What to do:
Report only the number of lines below in which the string "shows" appears.

———

definition M0 :: "('a::finite \<Rightarrow> nat) \<Rightarrow> ('c::finite \<Rightarrow> 'a) \<Rightarrow> ('c \<Rightarrow> 'a) \<Rightarrow> ('c \<Rightarrow> 'a)
    \<Rightarrow> 'a \<Rightarrow> ('a \<Rightarrow> laurent) set set" where
  "M0 kappa a1 a2 a3 astar =
     {mcls kappa a1 a2 a3 (\<Sum>a\<in>UNIV. vscale (lam a) (delta a - delta astar)) | lam. True}"

text \<open>Terms in the signature of quandles: x |> y and the right division x |>^-1 y
  (so that beta_y has inverse x |-> x |>^-1 y).\<close>
datatype 'a qterm = Gen 'a | Op "'a qterm" "'a qterm" | OpInv "'a qterm" "'a qterm"

inductive mq_eq :: "('c \<Rightarrow> 'a) \<Rightarrow> ('c \<Rightarrow> 'a) \<Rightarrow> ('c \<Rightarrow> 'a) \<Rightarrow> 'a qterm \<Rightarrow> 'a qterm \<Rightarrow> bool"
  for a1 a2 a3 where
  refl: "mq_eq a1 a2 a3 x x"
| sym: "mq_eq a1 a2 a3 x y \<Longrightarrow> mq_eq a1 a2 a3 y x"
| trans: "mq_eq a1 a2 a3 x y \<Longrightarrow> mq_eq a1 a2 a3 y z \<Longrightarrow> mq_eq a1 a2 a3 x z"
| cong_Op: "mq_eq a1 a2 a3 x x' \<Longrightarrow> mq_eq a1 a2 a3 y y' \<Longrightarrow> mq_eq a1 a2 a3 (Op x y) (Op x' y')"
| cong_OpInv: "mq_eq a1 a2 a3 x x' \<Longrightarrow> mq_eq a1 a2 a3 y y' \<Longrightarrow>
      mq_eq a1 a2 a3 (OpInv x y) (OpInv x' y')"
| idem: "mq_eq a1 a2 a3 (Op x x) x"
| inv1: "mq_eq a1 a2 a3 (Op (OpInv x y) y) x"
| inv2: "mq_eq a1 a2 a3 (OpInv (Op x y) y) x"
| distr: "mq_eq a1 a2 a3 (Op (Op x y) z) (Op (Op x z) (Op y z))"
| medial: "mq_eq a1 a2 a3 (Op (Op w x) (Op y z)) (Op (Op w y) (Op x z))"
| crossing: "mq_eq a1 a2 a3 (Op (Gen (a2 c)) (Gen (a1 c))) (Gen (a3 c))"

definition mq_rel :: "('c \<Rightarrow> 'a) \<Rightarrow> ('c \<Rightarrow> 'a) \<Rightarrow> ('c \<Rightarrow> 'a) \<Rightarrow> ('a qterm \<times> 'a qterm) set" where
  "mq_rel a1 a2 a3 = {(x, y). mq_eq a1 a2 a3 x y}"

definition MQ :: "('c \<Rightarrow> 'a) \<Rightarrow> ('c \<Rightarrow> 'a) \<Rightarrow> ('c \<Rightarrow> 'a) \<Rightarrow> 'a qterm set set" where
  "MQ a1 a2 a3 = UNIV // mq_rel a1 a2 a3"

definition mq_gen :: "('c \<Rightarrow> 'a) \<Rightarrow> ('c \<Rightarrow> 'a) \<Rightarrow> ('c \<Rightarrow> 'a) \<Rightarrow> 'a \<Rightarrow> 'a qterm set" where
  "mq_gen a1 a2 a3 a = mq_rel a1 a2 a3 `` {Gen a}"

definition mq_op :: "('c \<Rightarrow> 'a) \<Rightarrow> ('c \<Rightarrow> 'a) \<Rightarrow> ('c \<Rightarrow> 'a)
    \<Rightarrow> 'a qterm set \<Rightarrow> 'a qterm set \<Rightarrow> 'a qterm set" where
  "mq_op a1 a2 a3 X Y = mq_rel a1 a2 a3 `` {Op (SOME x. x \<in> X) (SOME y. y \<in> Y)}"

definition beta :: "('c \<Rightarrow> 'a) \<Rightarrow> ('c \<Rightarrow> 'a) \<Rightarrow> ('c \<Rightarrow> 'a)
    \<Rightarrow> 'a qterm set \<Rightarrow> 'a qterm set \<Rightarrow> 'a qterm set" where
  "beta a1 a2 a3 Y = (\<lambda>X\<in>MQ a1 a2 a3. mq_op a1 a2 a3 X Y)"

abbreviation PermG :: "('c \<Rightarrow> 'a) \<Rightarrow> ('c \<Rightarrow> 'a) \<Rightarrow> ('c \<Rightarrow> 'a)
    \<Rightarrow> ('a qterm set \<Rightarrow> 'a qterm set) monoid" where
  "PermG a1 a2 a3 \<equiv> BijGroup (MQ a1 a2 a3)"

definition Dis :: "('c \<Rightarrow> 'a) \<Rightarrow> ('c \<Rightarrow> 'a) \<Rightarrow> ('c \<Rightarrow> 'a) \<Rightarrow> ('a qterm set \<Rightarrow> 'a qterm set) set" where
  "Dis a1 a2 a3 = generate (PermG a1 a2 a3)
     {beta a1 a2 a3 y \<otimes>\<^bsub>PermG a1 a2 a3\<^esub> inv\<^bsub>PermG a1 a2 a3\<^esub> (beta a1 a2 a3 z)
       | y z. y \<in> MQ a1 a2 a3 \<and> z \<in> MQ a1 a2 a3}"

definition dgen :: "('c \<Rightarrow> 'a) \<Rightarrow> ('c \<Rightarrow> 'a) \<Rightarrow> ('c \<Rightarrow> 'a) \<Rightarrow> 'a \<Rightarrow> 'a
    \<Rightarrow> 'a qterm set \<Rightarrow> 'a qterm set" where
  "dgen a1 a2 a3 astar a = beta a1 a2 a3 (mq_gen a1 a2 a3 a)
      \<otimes>\<^bsub>PermG a1 a2 a3\<^esub> inv\<^bsub>PermG a1 a2 a3\<^esub> (beta a1 a2 a3 (mq_gen a1 a2 a3 astar))"

text \<open>Lambda-module structure on Dis(MQ(L)) (written additively, i.e. + is composition):
  m.d = d^m, t^n.d = beta_{a*}^n d beta_{a*}^-n, hence
  (sum_n c_n t^n).d = sum_n c_n (t^n.d) = prod_n (beta_{a*}^n d beta_{a*}^-n)^{c_n}.\<close>
definition dis_smult :: "('c \<Rightarrow> 'a) \<Rightarrow> ('c \<Rightarrow> 'a) \<Rightarrow> ('c \<Rightarrow> 'a) \<Rightarrow> 'a \<Rightarrow> laurent
    \<Rightarrow> ('a qterm set \<Rightarrow> 'a qterm set) \<Rightarrow> ('a qterm set \<Rightarrow> 'a qterm set)" where
  "dis_smult a1 a2 a3 astar l d =
    (let G = PermG a1 a2 a3; b = beta a1 a2 a3 (mq_gen a1 a2 a3 astar) in
     foldr (\<lambda>n acc. ((b [^]\<^bsub>G\<^esub> n \<otimes>\<^bsub>G\<^esub> d \<otimes>\<^bsub>G\<^esub> b [^]\<^bsub>G\<^esub> (- n))
                        [^]\<^bsub>G\<^esub> (Poly_Mapping.lookup l n)) \<otimes>\<^bsub>G\<^esub> acc)
       (sorted_list_of_set (Poly_Mapping.keys l)) \<one>\<^bsub>G\<^esub>)"

end

theory Submission
  imports Defs "HOL-Algebra.FiniteProduct"
begin

text \<open>The translations of MQ(L) satisfy beta_(x |> y) = beta_y beta_x beta_y^-1, and mediality
  makes the displacements d_x = beta_x beta_a*^-1 commute. Hence Dis(MQ(L)), which they generate,
  is an abelian group normalised by beta_a*, i.e. a Lambda-module with t acting by conjugation.
  The Lambda-linear map Lambda^A(D) -> Dis(MQ(L)) sending the arc a to d_a is onto, because
  d_(x |> y) = d_y + t (d_x - d_y) expresses every displacement through those of the arcs; and it
  kills the image of rho_D (x) Lambda, because the crossing relation a2 |> a1 = a3 becomes
  d_a3 = (1 - t) d_a1 + t d_a2. So it factors through M_A^red(L), and its restriction to M_0 is
  the required epimorphism.\<close>

section \<open>Commuting elements and conjugation\<close>

lemma (in group) inv_mult_cancel [simp]:
  "x \<in> carrier G \<Longrightarrow> y \<in> carrier G \<Longrightarrow> inv x \<otimes> (x \<otimes> y) = y"
  by (simp add: m_assoc[symmetric])

lemma (in group) inv_commute:
  assumes x: "x \<in> carrier G" and y: "y \<in> carrier G" and xy: "x \<otimes> y = y \<otimes> x"
  shows "inv x \<otimes> y = y \<otimes> inv x"
proof -
  have "inv x \<otimes> y = inv x \<otimes> (y \<otimes> x) \<otimes> inv x" using x y by (simp add: m_assoc)
  also have "\<dots> = inv x \<otimes> (x \<otimes> y) \<otimes> inv x" by (simp only: xy)
  also have "\<dots> = y \<otimes> inv x" using x y by (simp add: m_assoc[symmetric])
  finally show ?thesis .
qed

lemma (in group) subgroup_commutant:
  assumes T: "T \<subseteq> carrier G"
  shows "subgroup {x \<in> carrier G. \<forall>y\<in>T. x \<otimes> y = y \<otimes> x} G"
proof (rule subgroup.intro)
  fix x z assume "x \<in> {x \<in> carrier G. \<forall>y\<in>T. x \<otimes> y = y \<otimes> x}"
    and "z \<in> {x \<in> carrier G. \<forall>y\<in>T. x \<otimes> y = y \<otimes> x}"
  hence x: "x \<in> carrier G" "\<And>y. y \<in> T \<Longrightarrow> x \<otimes> y = y \<otimes> x"
    and z: "z \<in> carrier G" "\<And>y. y \<in> T \<Longrightarrow> z \<otimes> y = y \<otimes> z" by auto
  have "x \<otimes> z \<otimes> y = y \<otimes> (x \<otimes> z)" if y: "y \<in> T" for y
  proof -
    have yc: "y \<in> carrier G" using y T by blast
    have "x \<otimes> z \<otimes> y = x \<otimes> (y \<otimes> z)" using x(1) z yc by (simp add: m_assoc z(2)[OF y])
    also have "\<dots> = y \<otimes> (x \<otimes> z)" using x(1) z(1) yc by (simp add: m_assoc[symmetric] x(2)[OF y])
    finally show ?thesis .
  qed
  thus "x \<otimes> z \<in> {x \<in> carrier G. \<forall>y\<in>T. x \<otimes> y = y \<otimes> x}" using x(1) z(1) by blast
next
  fix x assume "x \<in> {x \<in> carrier G. \<forall>y\<in>T. x \<otimes> y = y \<otimes> x}"
  thus "inv x \<in> {x \<in> carrier G. \<forall>y\<in>T. x \<otimes> y = y \<otimes> x}"
    using T inv_commute by blast
qed (use T in auto)
definition category :: "('o, 'a) cat \<Rightarrow> bool" where
  "category C \<longleftrightarrow>
     (\<forall>f\<in>Arr C. Dom C f \<in> Obj C \<and> Cod C f \<in> Obj C) \<and>
     (\<forall>x\<in>Obj C. Idt C x \<in> Arr C \<and> Dom C (Idt C x) = x \<and> Cod C (Idt C x) = x) \<and>
     (\<forall>f\<in>Arr C. \<forall>g\<in>Arr C. Cod C f = Dom C g \<longrightarrow>
        Comp C g f \<in> Arr C \<and> Dom C (Comp C g f) = Dom C f \<and> Cod C (Comp C g f) = Cod C g) \<and>
     (\<forall>f\<in>Arr C. Comp C f (Idt C (Dom C f)) = f \<and> Comp C (Idt C (Cod C f)) f = f) \<and>
     (\<forall>f\<in>Arr C. \<forall>g\<in>Arr C. \<forall>h\<in>Arr C. Cod C f = Dom C g \<longrightarrow> Cod C g = Dom C h \<longrightarrow>
        Comp C h (Comp C g f) = Comp C (Comp C h g) f)"

definition wide_subcat :: "('o, 'a) cat \<Rightarrow> 'a set \<Rightarrow> bool" where
  "wide_subcat C S \<longleftrightarrow> S \<subseteq> Arr C \<and> (\<forall>x\<in>Obj C. Idt C x \<in> S) \<and>
     (\<forall>f\<in>S. \<forall>g\<in>S. Cod C f = Dom C g \<longrightarrow> Comp C g f \<in> S)"

definition strict_fact_sys :: "('o, 'a) cat \<Rightarrow> 'a set \<Rightarrow> 'a set \<Rightarrow> bool" where
  "strict_fact_sys C E M \<longleftrightarrow> wide_subcat C E \<and> wide_subcat C M \<and>
     (\<forall>f\<in>Arr C. \<exists>!p. fst p \<in> E \<and> snd p \<in> M \<and> Cod C (fst p) = Dom C (snd p)
                        \<and> f = Comp C (snd p) (fst p))"

definition variance :: "('o, 'a) cat \<Rightarrow> 'a set \<Rightarrow> 'a set \<Rightarrow> bool" where
  "variance C E M \<longleftrightarrow> strict_fact_sys C E M \<and> strict_fact_sys C M E"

———

Response:
2